I understand what that means. I think they are talking about taxpayers' money there.

This think-tank of geniuses was chaired by former Toronto Star publisher Honderich -- who Mayor David Miller proudly said works for $1 a year. You get what you pay for. Good thing we didn't have to pay $1 for every buzz-word used. Or maybe we did.

"Connectivity" was one, "forged alliance" was another. How about "flash inspiration," "innovation," "collective vision, forward thinking or dedicated thinkers."

Miller talked of the city basking in "self-rejoicing" and our citizens should be "busy loving our city." How's that waterfront redevelopment coming? Or the train to the airport? Where's that aquarium for the fish, or super film studio or even the Loblaws in Maple Leaf Gardens?

Where's the solution to the Gardiner Expressway or the Don Valley Parkway? How about the enormous debt of the city?

I smell another report.

Meanwhile, the "brains" at the top want a creative world-class city but they don't seem to have a plan for the street guy harassing the tourists for money or walking down the street with a bottle of urine.

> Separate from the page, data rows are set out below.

(* Let $V_0=\mathbb{C}[x_1,x_2,\dots]$ be the polynomial algebra in countably many variables, regarded as a Hopf algebra with each $x_i$ primitive, and let $A$ be a commutative $\mathbb{C}$-algebra. Then for any symmetric $A$-valued bicharacters $s_1,s_2$ on $V_0$ there exists an $A$-valued bicharacter $r$ on $V_0$ such that $\mathrm{EQ}_r$ is an algebra isomorphism \[ \mathrm{EQ}_r\colon (V_0\otimes A,\bullet_{s_1})\to (V_0\otimes A,\bullet_{s_2}) \] intertwining the two $\bullet$ products. In particular, for any symmetric $A$-valued bicharacter $s$ there exists an isomorphism $\mathrm{EQ}_r\colon (V_0\otimes A,\cdot)\to (V_0\otimes A,\bullet_s)$ from the standard product to $\bullet_s$.
   Context: The Hopf structure on $V_0$: $\Delta(x_i)=x_i\otimes 1+1\otimes x_i$, $\eta(x_i)=0$, $S(x_i)=-x_i$. Sweedler notation: $\Delta(a)=\sum a'\otimes a''$, $\Delta^2(a)=\sum a'\otimes a''\otimes a'''$. An $A$-valued bicharacter on $V_0$ is a linear map $r:V_0\otimes V_0\to A$ with $r(1\otimes a)=\eta(a)=r(a\otimes 1)$, $r(ab\otimes c)=\sum r(a\otimes c')r(b\otimes c'')$, $r(a\otimes bc)=\sum r(a'\otimes b)r(a''\otimes c)$. $r^t(a\otimes b)=r(b\otimes a)$; $t$ is symmetric if $t=t^t$. For a symmetric bicharacter $t$, $\bullet_t$ is the $A$-bilinear product on $V_0\otimes A$ extending $a\bullet_t b=\sum a'b'\,t(a''\otimes b'')$; the standard product is $\bullet_\epsilon$ with $\epsilon(a\otimes b)=\eta(a)\eta(b)$. $\mathrm{EQ}_r(m)=\sum r(m'\otimes m'')m'''$, extended $A$-linearly to $V_0\otimes A$. *)

theory Defs
  imports Complex_Main "HOL-Library.Poly_Mapping"
begin
(* Assume A1 and A2, for a function $\rho:(0,1)\to(0,\infty)$ satisfying R2, R3 and R4. Let $(\tilde\theta_n,X_n)_{n\ge0}$ and $(\gamma_n)_{n\ge1}$ be generated by the WL$_\rho$ algorithm. If $(\gamma_n)_{n\ge1}$ is non-increasing, bounded from above by a deterministic sequence converging to $0$, and satisfies $\bar r_{d,\gamma}:=\sup_{n\ge1}\frac{\gamma_n}{\gamma_{n+d-1}}<+\infty$, then almost surely the sequence $(\theta_n)_{n\ge0}$ returns infinitely often to a compact subset of $\Theta$.
   Context: Let $\mathsf X\subset\mathbb R^D$ be measurable, $\lambda$ a nonnegative reference measure, $\pi$ a probability density on $\mathsf X$ w.r.t. $\lambda$. $\mathsf X=\bigcup_{i=1}^d\mathsf X_i$ is a partition into disjoint measurable strata, $I(x)=i$ iff $x\in\mathsf X_i$, $\theta_\star(i)=\int_{\mathsf X_i}\pi\,d\lambda$, $\Theta=\{\theta\in(0,1)^d:\sum_i\theta(i)=1\}$. For measurable $\rho:(0,1)\to(0,\infty)$ and $\theta\in\Theta$, $\pi^\rho_\theta(x)=(Z^\rho_\theta)^{-1}\sum_{i}\frac{\pi(x)}{\rho(\theta(i))}\mathbf 1_{\mathsf X_i}(x)$, $Z^\rho_\theta=\sum_i\frac{\theta_\star(i)}{\rho(\theta(i))}$. A1: $\sup_{\mathsf X}\pi<\infty$ and $\min_i\theta_\star(i)>0$. A2: for every $\theta\in\Theta$, $P^\rho_\theta$ is the Metropolis–Hastings kernel with symmetric proposal density $q(x,y)$ w.r.t. $\lambda$, $\inf_{\mathsf X^2}q>0$, and invariant distribution $\pi^\rho_\theta\,d\lambda$. R2: $\sup_{(0,1)}\rho<\infty$. R3: $\rho$ is non-decreasing on $(0,1)$ and there is $R>1$ with $\inf_{t\in(0,1/R)}\rho(t)/\rho(Rt)>0$. R4: $t\mapsto\rho(t)/t$ is non-increasing on $(0,1)$ and $\lim_{t\to0^+}\rho(t)/t=+\infty$. WL$_\rho$ algorithm: given a (possibly random) initial condition $(\tilde\theta_0,X_0)\in(0,\infty)^d\times\mathsf X$ and a (possibly random) sequence of positive stepsizes $(\gamma_n)_{n\ge1}$, for $n\ge0$: $S_n=\sum_i\tilde\theta_n(i)$, $\theta_n=\tilde\theta_n/S_n$; draw $X_{n+1}$, conditionally on $\sigma(\tilde\theta_0,X_0,\dots,X_n)$, from $P^\rho_{\theta_n}(X_n,\cdot)$; set $\tilde\theta_{n+1}(i)=\tilde\theta_n(i)\big(1+\gamma_{n+1}\frac{\rho(\theta_n(i))}{\theta_n(i)}\mathbf 1_{\mathsf X_i}(X_{n+1})\big)$. *)

theory Defs
  imports "HOL-Probability.Probability"
begin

And what about the gangs?

Maybe we can turn them all into artists and creative thinkers. Ask them yourselves. No trip to Barcelona necessary. You'll find them in any city park. And let's not forget Frenchie, the friendly homeless guy who is not part of Toronto's dream but is part of its reality.

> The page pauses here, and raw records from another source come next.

lemma card_blocked_walkers:
  assumes "tree_tour T S w" and "finite T" and "card (T - E (tm j)) \<le> k" and "j \<le> W"
    and disjoint: "disjoint_segments (\<lambda>h. tour_pos E w tm h W) X"
    and unfinished: "\<forall>h\<in>X. tour_pos E w tm h W < length w - 1"
  shows "card {h\<in>X. edges_of w ! tour_pos E w tm h j \<notin> E (tm j)} \<le> 2 * k"
proof -
  let ?pos = "\<lambda>h. tour_pos E w tm h j"
  let ?blocked = "{h\<in>X. edges_of w ! ?pos h \<notin> E (tm j)}"
  have "strict_mono_on X ?pos"
  proof (rule strict_mono_onI)
    fix h h' assume "h \<in> X" "h' \<in> X" "h < h'"
    then have "tour_pos E w tm h W < h'" using disjoint by (simp add: disjoint_segments_def)
    then show "?pos h < ?pos h'"
      using tour_pos_mono[OF \<open>j \<le> W\<close>, of E w tm h] tour_pos_ge[of h' E w tm j] by linarith
  qed
  then have "card ?blocked = card (?pos ` ?blocked)"
    by (intro card_image[symmetric] inj_on_subset[OF strict_mono_on_imp_inj_on]) auto
  also have "\<dots> \<le> card {p. p < length w - 1 \<and> edges_of w ! p \<notin> E (tm j)}"
    using unfinished tour_pos_mono[OF \<open>j \<le> W\<close>, of E w tm]
    by (intro card_mono) (auto intro: le_less_trans)
  also have "\<dots> \<le> 2 * k"
    using card_blocked_positions assms(1-3) by blast
  finally show ?thesis .
qed

lemma card_unfinished_walkers:
  assumes "tree_tour T S w" and "finite T" and "\<forall>j<W. card (T - E (tm j)) \<le> k"
    and disjoint: "disjoint_segments (\<lambda>h. tour_pos E w tm h W) X"
    and unfinished: "\<forall>h\<in>X. tour_pos E w tm h W < length w - 1"
  shows "(W + 1) * card X \<le> 2 * k * W + (length w - 1)"
proof -
  let ?pos = "\<lambda>h. tour_pos E w tm h W"
  let ?blocked = "\<lambda>h j. edges_of w ! tour_pos E w tm h j \<notin> E (tm j)"
  have "finite X"
    using unfinished tour_pos_ge by (meson finite_nat_set_iff_bounded le_less_trans)
  have "(\<Sum>h\<in>X. card {j. j < W \<and> ?blocked h j}) = (\<Sum>j<W. card {h\<in>X. ?blocked h j})"
    using sum.swap_restrict[OF \<open>finite X\<close> finite_lessThan[of W], of "\<lambda>_ _. 1::nat" ?blocked]
    by simp
  also have "\<dots> \<le> (\<Sum>j<W. 2 * k)"
    using card_blocked_walkers[OF assms(1,2) _ _ disjoint unfinished] assms(3)
    by (intro sum_mono) simp
  finally have stalls: "(\<Sum>h\<in>X. card {j. j < W \<and> ?blocked h j}) \<le> 2 * k * W"
    by (simp add: mult.commute)
  have progress: "(\<Sum>h\<in>X. ?pos h - h) + card X \<le> length w - 1"
    using sum_disjoint_segments_le[OF disjoint tour_pos_ge unfinished] .
  have "W * card X = (\<Sum>h\<in>X. W)" by simp
  also have "\<dots> = (\<Sum>h\<in>X. (?pos h - h) + card {j. j < W \<and> ?blocked h j})"
    using unfinished by (intro sum.cong refl tour_pos_progress_plus_stalls[symmetric]) blast
  also have "\<dots> = (\<Sum>h\<in>X. ?pos h - h) + (\<Sum>h\<in>X. card {j. j < W \<and> ?blocked h j})"
    by (rule sum.distrib)
  finally show ?thesis using stalls progress by simp
qed

section \<open>Covering the tour greedily\<close>

definition segments_cover :: "('r \<Rightarrow> nat \<Rightarrow> nat) \<Rightarrow> 'r set \<Rightarrow> ('r \<Rightarrow> nat) \<Rightarrow> nat \<Rightarrow> nat \<Rightarrow> bool" where
  "segments_cover F A st x N \<longleftrightarrow> (\<forall>p. x \<le> p \<and> p \<le> N \<longrightarrow> (\<exists>r\<in>A. st r \<le> p \<and> p \<le> F r (st r)))"

lemma segments_cover_update:
  assumes "r0 \<in> A" and "segments_cover F (A - {r0}) st (Suc (F r0 x)) N"
  shows "segments_cover F A (st(r0 := x)) x N"
  unfolding segments_cover_def
proof (intro allI impI)
  fix p assume p: "x \<le> p \<and> p \<le> N"
  show "\<exists>r\<in>A. (st(r0 := x)) r \<le> p \<and> p \<le> F r ((st(r0 := x)) r)"
  proof (cases "p \<le> F r0 x")
    case True
    then show ?thesis using assms(1) p by (intro bexI[of _ r0]) auto
  next
    case False
    then obtain r where "r \<in> A - {r0}" "st r \<le> p \<and> p \<le> F r (st r)"
      using assms(2) p unfolding segments_cover_def by (meson not_less_eq_eq)
    then show ?thesis by (intro bexI[of _ r]) auto
  qed
qed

"I am not leaving, that would suck," he says. "I am part of the culture of the city."

He didn't show up in the study which Mayor Miller says "fosters a culture of innovation." Frenchie must have slipped through the cracks somewhere between Berlin and London. What's that aroma?

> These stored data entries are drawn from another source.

definition reset :: "nat \<Rightarrow> nat \<Rightarrow> nat \<Rightarrow> edge set \<Rightarrow> nat" where
  "reset n r s F = Max ({0} \<union> {i \<in> {1..n}. b1grp r s i \<subseteq> F \<and> \<not> a1_sq r s F i})"

definition a_part :: "nat \<Rightarrow> nat \<Rightarrow> nat \<Rightarrow> edge set \<Rightarrow> nat \<Rightarrow> edge set" where
  "a_part r s t F i =
     {Ea1 i j k | j k. j \<in> {1..r} \<and> k \<in> {1..s} \<and> k > last_a s F i j}
   \<union> (\<Union>{a0grp t i j k \<inter> F | j k. j \<in> {1..r} \<and> k \<in> {1..s} \<and> k \<le> last_a s F i j})"

definition all_a0 :: "nat \<Rightarrow> nat \<Rightarrow> nat \<Rightarrow> edge set \<Rightarrow> nat \<Rightarrow> edge set" where
  "all_a0 r s t F i = \<Union>{a0grp t i j k \<inter> F | j k. j \<in> {1..r} \<and> k \<in> {1..s}}"

definition BF_level :: "nat \<Rightarrow> nat \<Rightarrow> nat \<Rightarrow> nat \<Rightarrow> edge set \<Rightarrow> nat \<Rightarrow> edge set" where
  "BF_level n r s t F i =
    (if i > reset n r s F \<and> b1grp r s i \<subseteq> F then
       b1grp r s i \<union> a_part r s t F i \<union> (u1grp t i \<inter> F)
       \<union> \<Union>{wgrp t i j \<inter> F | j. j \<in> {1..r} \<and> a1grp s i j \<subseteq> F}
     else if i > reset n r s F then
       {Eb1 i j | j. j \<in> {1..r*s} \<and> j > last_b r s F i}
       \<union> \<Union>{b0grp t i j \<inter> F | j. j \<in> {1..r*s} \<and> j \<le> last_b r s F i}
       \<union> all_a0 r s t F i \<union> (u0grp t i \<inter> F) \<union> (w0grp t i \<inter> F)
     else if i = reset n r s F then
       b1grp r s i \<union> a_part r s t F i \<union> (u1grp t i \<inter> F) \<union> (w0grp t i \<inter> F)
     else
       \<Union>{b0grp t i j \<inter> F | j. j \<in> {1..r*s}}
       \<union> all_a0 r s t F i \<union> (u0grp t i \<inter> F)
       \<union> \<Union>{wgrp t i j \<inter> F | j. j \<in> {1..r}})"
(* Let $\mathbb F$ be a field of characteristic $2$, let $S=\{R_0,\dots,R_d\}$ be a quasi-thin scheme on $X$, $x\in X$, $\mathcal T=\mathcal T(x)$, and $E_a^*=E_a^*(x)$. Then the Jacobson radical of $\mathcal T$ equals $$\mathcal J_1=\bigl\langle \{E_a^*JE_b^*: R_a,R_b\in S,\ \max\{k_a,k_b\}=2\}\bigr\rangle_{\mathbb F},$$ where $J$ is the all-ones matrix.
   Context: Let $X$ be a nonempty finite set. A scheme of class $d$ on $X$ is a partition $S=\{R_0,\dots,R_d\}$ of $X\times X$ into nonempty sets such that $R_0=\{(b,b):b\in X\}$; for each $c$ there is $c'$ with $R_{c'}=\{(f,e):(e,f)\in R_c\}$; and for all $i,j,k$ the intersection number $p_{ij}^k=|\{\ell\in X:(m,\ell)\in R_i,(\ell,n)\in R_j\}|$ does not depend on $(m,n)\in R_k$. The valency of $R_a$ is $k_a=p_{aa'}^0$; $S$ is quasi-thin if all $k_a\le 2$. For $y\in X$, $yR_a=\{z:(y,z)\in R_a\}$. $A_a\in M_X(\mathbb F)$ is the $(0,1)$ adjacency matrix of $R_a$ and $E_a^*(y)$ is the diagonal $(0,1)$-matrix with ones exactly at positions indexed by $yR_a$. The Terwilliger $\mathbb F$-algebra $\mathcal T(y)$ is the $\mathbb F$-subalgebra of $M_X(\mathbb F)$ generated by $A_0,\dots,A_d,E_0^*(y),\dots,E_d^*(y)$. $\langle Y\rangle_{\mathbb F}$ denotes $\mathbb F$-linear span (the zero space if $Y$ is empty). *)

theory Defs
  imports Main
begin

text \<open>Matrices over a field indexed by a finite type 'x (the set X is UNIV :: 'x set).\<close>
type_synonym ('x, 'f) mat = "'x \<Rightarrow> 'x \<Rightarrow> 'f"

definition mmul :: "('x::finite, 'f::field) mat \<Rightarrow> ('x, 'f) mat \<Rightarrow> ('x, 'f) mat" where
  "mmul A B = (\<lambda>i j. \<Sum>k\<in>UNIV. A i k * B k j)"

definition madd :: "('x, 'f::field) mat \<Rightarrow> ('x, 'f) mat \<Rightarrow> ('x, 'f) mat" where
  "madd A B = (\<lambda>i j. A i j + B i j)"

definition msmult :: "'f::field \<Rightarrow> ('x, 'f) mat \<Rightarrow> ('x, 'f) mat" where
  "msmult c A = (\<lambda>i j. c * A i j)"

definition mzero :: "('x, 'f::field) mat" where
  "mzero = (\<lambda>i j. 0)"

definition mone :: "('x, 'f::field) mat" where
  "mone = (\<lambda>i j. if i = j then 1 else 0)"

definition all_ones :: "('x, 'f::field) mat" where
  "all_ones = (\<lambda>i j. 1)"

definition mspan :: "('x::finite, 'f::field) mat set \<Rightarrow> ('x, 'f) mat set" where
  "mspan Y = {M. \<exists>S c. finite S \<and> S \<subseteq> Y \<and> M = (\<lambda>i j. \<Sum>y\<in>S. c y * y i j)}"
section \<open>Roadblock sets\<close>

lemma sigma_nth:
  assumes "distinct s" "i < length s"
  shows "sigma s (s ! i) = Suc i"
proof -
  have "(LEAST k. k < length s \<and> s ! k = s ! i) = i"
    by (rule Least_equality) (use assms in \<open>auto simp: nth_eq_iff_index_eq\<close>)
  then show ?thesis by (simp add: sigma_def)
qed

lemma sigma_in_set:
  assumes "distinct s" "x \<in> set s"
  shows "sigma s x \<in> {1..length s} \<and> s ! (sigma s x - 1) = x"
proof -
  from assms(2) obtain i where "i < length s" "x = s ! i" by (auto simp: in_set_conv_nth)
  with sigma_nth[OF assms(1)] show ?thesis by simp
qed

lemma inj_on_sigma: "distinct s \<Longrightarrow> inj_on (sigma s) (set s)"
  by (metis inj_onI sigma_in_set)

definition prefix_positions :: "'a list \<Rightarrow> 'a list \<Rightarrow> nat \<Rightarrow> nat set" where
  "prefix_positions s g j = sigma s ` set (take (Suc j) g)"

lemma Ffun_eq_Max_prefix_positions:
  assumes "j < length g"
  shows "Ffun g s j = int (Max (prefix_positions s g j)) - 1"
proof -
  have "set (take (Suc j) g) = (\<lambda>k. g ! (k - 1)) ` {1..j + 1}"
  proof (intro equalityI subsetI)
    fix x assume "x \<in> set (take (Suc j) g)"
    then obtain i where "i \<le> j" "x = g ! i" using assms by (auto simp: in_set_conv_nth less_Suc_eq_le)
    then show "x \<in> (\<lambda>k. g ! (k - 1)) ` {1..j + 1}" by (intro image_eqI[of _ _ "Suc i"]) auto
  next
    fix x assume "x \<in> (\<lambda>k. g ! (k - 1)) ` {1..j + 1}"
    then obtain k where "1 \<le> k" "k \<le> j + 1" "x = take (Suc j) g ! (k - 1)" by auto
    moreover from \<open>1 \<le> k\<close> \<open>k \<le> j + 1\<close> assms have "k - 1 < length (take (Suc j) g)" by simp
    ultimately show "x \<in> set (take (Suc j) g)" by (metis nth_mem)
  qed
  then have "{sigma s (g ! (k - 1)) | k. 1 \<le> k \<and> k \<le> j + 1} = prefix_positions s g j"
    unfolding prefix_positions_def by auto
  then show ?thesis by (simp add: Ffun_def)
qed

lemma Max_prefix_positions_bounds:
  assumes "distinct s" "distinct g" "set g = set s" "j < length s"
  shows "Suc j \<le> Max (prefix_positions s g j) \<and> Max (prefix_positions s g j) \<le> length s"
proof -
  let ?V = "prefix_positions s g j"
  have lg: "length g = length s" using assms(1-3) by (metis distinct_card)
  have sub: "set (take (Suc j) g) \<subseteq> set s" using assms(3) by (metis set_take_subset)
  then have "inj_on (sigma s) (set (take (Suc j) g))"
    using inj_on_sigma[OF assms(1)] by (rule inj_on_subset[rotated])
  then have card: "card ?V = Suc j"
    using assms(2,4) lg by (simp add: prefix_positions_def card_image distinct_card)
  then have ne: "?V \<noteq> {}" by auto
  have range: "?V \<subseteq> {1..length s}"
    unfolding prefix_positions_def using sigma_in_set[OF assms(1)] sub by blast
  have "?V \<subseteq> {1..Max ?V}" using range by (auto simp: prefix_positions_def)
  then have "Suc j \<le> Max ?V" using card card_mono[of "{1..Max ?V}" ?V] by simp
  moreover have "Max ?V \<le> length s" using range ne Max_in[of ?V] by (auto simp: prefix_positions_def)
  ultimately show ?thesis ..
qed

Could it be the stench of the ink going on another cheque from a taxpayer? Perhaps. But it's probably just the urine.
 
I don't really care for the left / right battles in this or any country but I must say that that previous article was one of the more bitter tirades I have read representing some of the worst traits in the human character. Hate, spite, jealousy, envy etc. What is the source? I can't see any paper but the Sun publishing something of that kind.

"It'd make no sense for example to favour heavy industries within the city when resources could be better focused upon the knowledge sector."

I agree GB only to an extent. I think we have shifted too far the other way however. The key in my mind is diversity of industry sectors. A region denuded of it's heavy industry is also weakened even if they have the top knowledge industries in the world. It is inevitable that that lack of diversification will come to haunt you down the road.
 
That article is not attributed to a publication but I suspect it must be the Sun. What other paper would set up the false binary choice between crime prevention (and that old right-wing favourite the police helicopter) and a report on creativity? Funny when they talk about police issues it is never framed as "taxpayer dollars".
 
That damned helicopter, scouring the sleepy avenues of Riverdale for rogues at 3 a.m., waking me as I lie with the screen door open. Then back to sleep for an hour or two, until the dawn chorus strikes. ( What birds are they? Such loud, exotic cries I imagine I'm in the tropics ).
 
I agree with the article. Not necessarily about 'helicopters', per se, but about the questionable spending of finances on ridiculous 'make-work-for-bureaucrats" policies; all the more so in a city that is always claiming it's broke and cannot afford the sorts of basic things its citizens are demanding, i.e. waterfront, safe streets, clean streets, etc. The arts that are relevent flourish organically, always have and always will.
 
The City has a website ( "How Your Tax Dollar Will Work For You In 2006 ) that breaks down where they spend our property taxes. Their "average house with an assessed value of $369,300" isn't that far shy of my own.

Of the 28 categories listed, Police Service & Board gobbles up $503.61 of my money and is by far the largest. Social Services comes in at $I85.44, and Shelter, Support & Housing Administration at $184.36, just behind Debt Charges, TTC and Fire.

I don't see the dreaded word Arts listed anywhere. Maybe it is buried in "Other" at the end?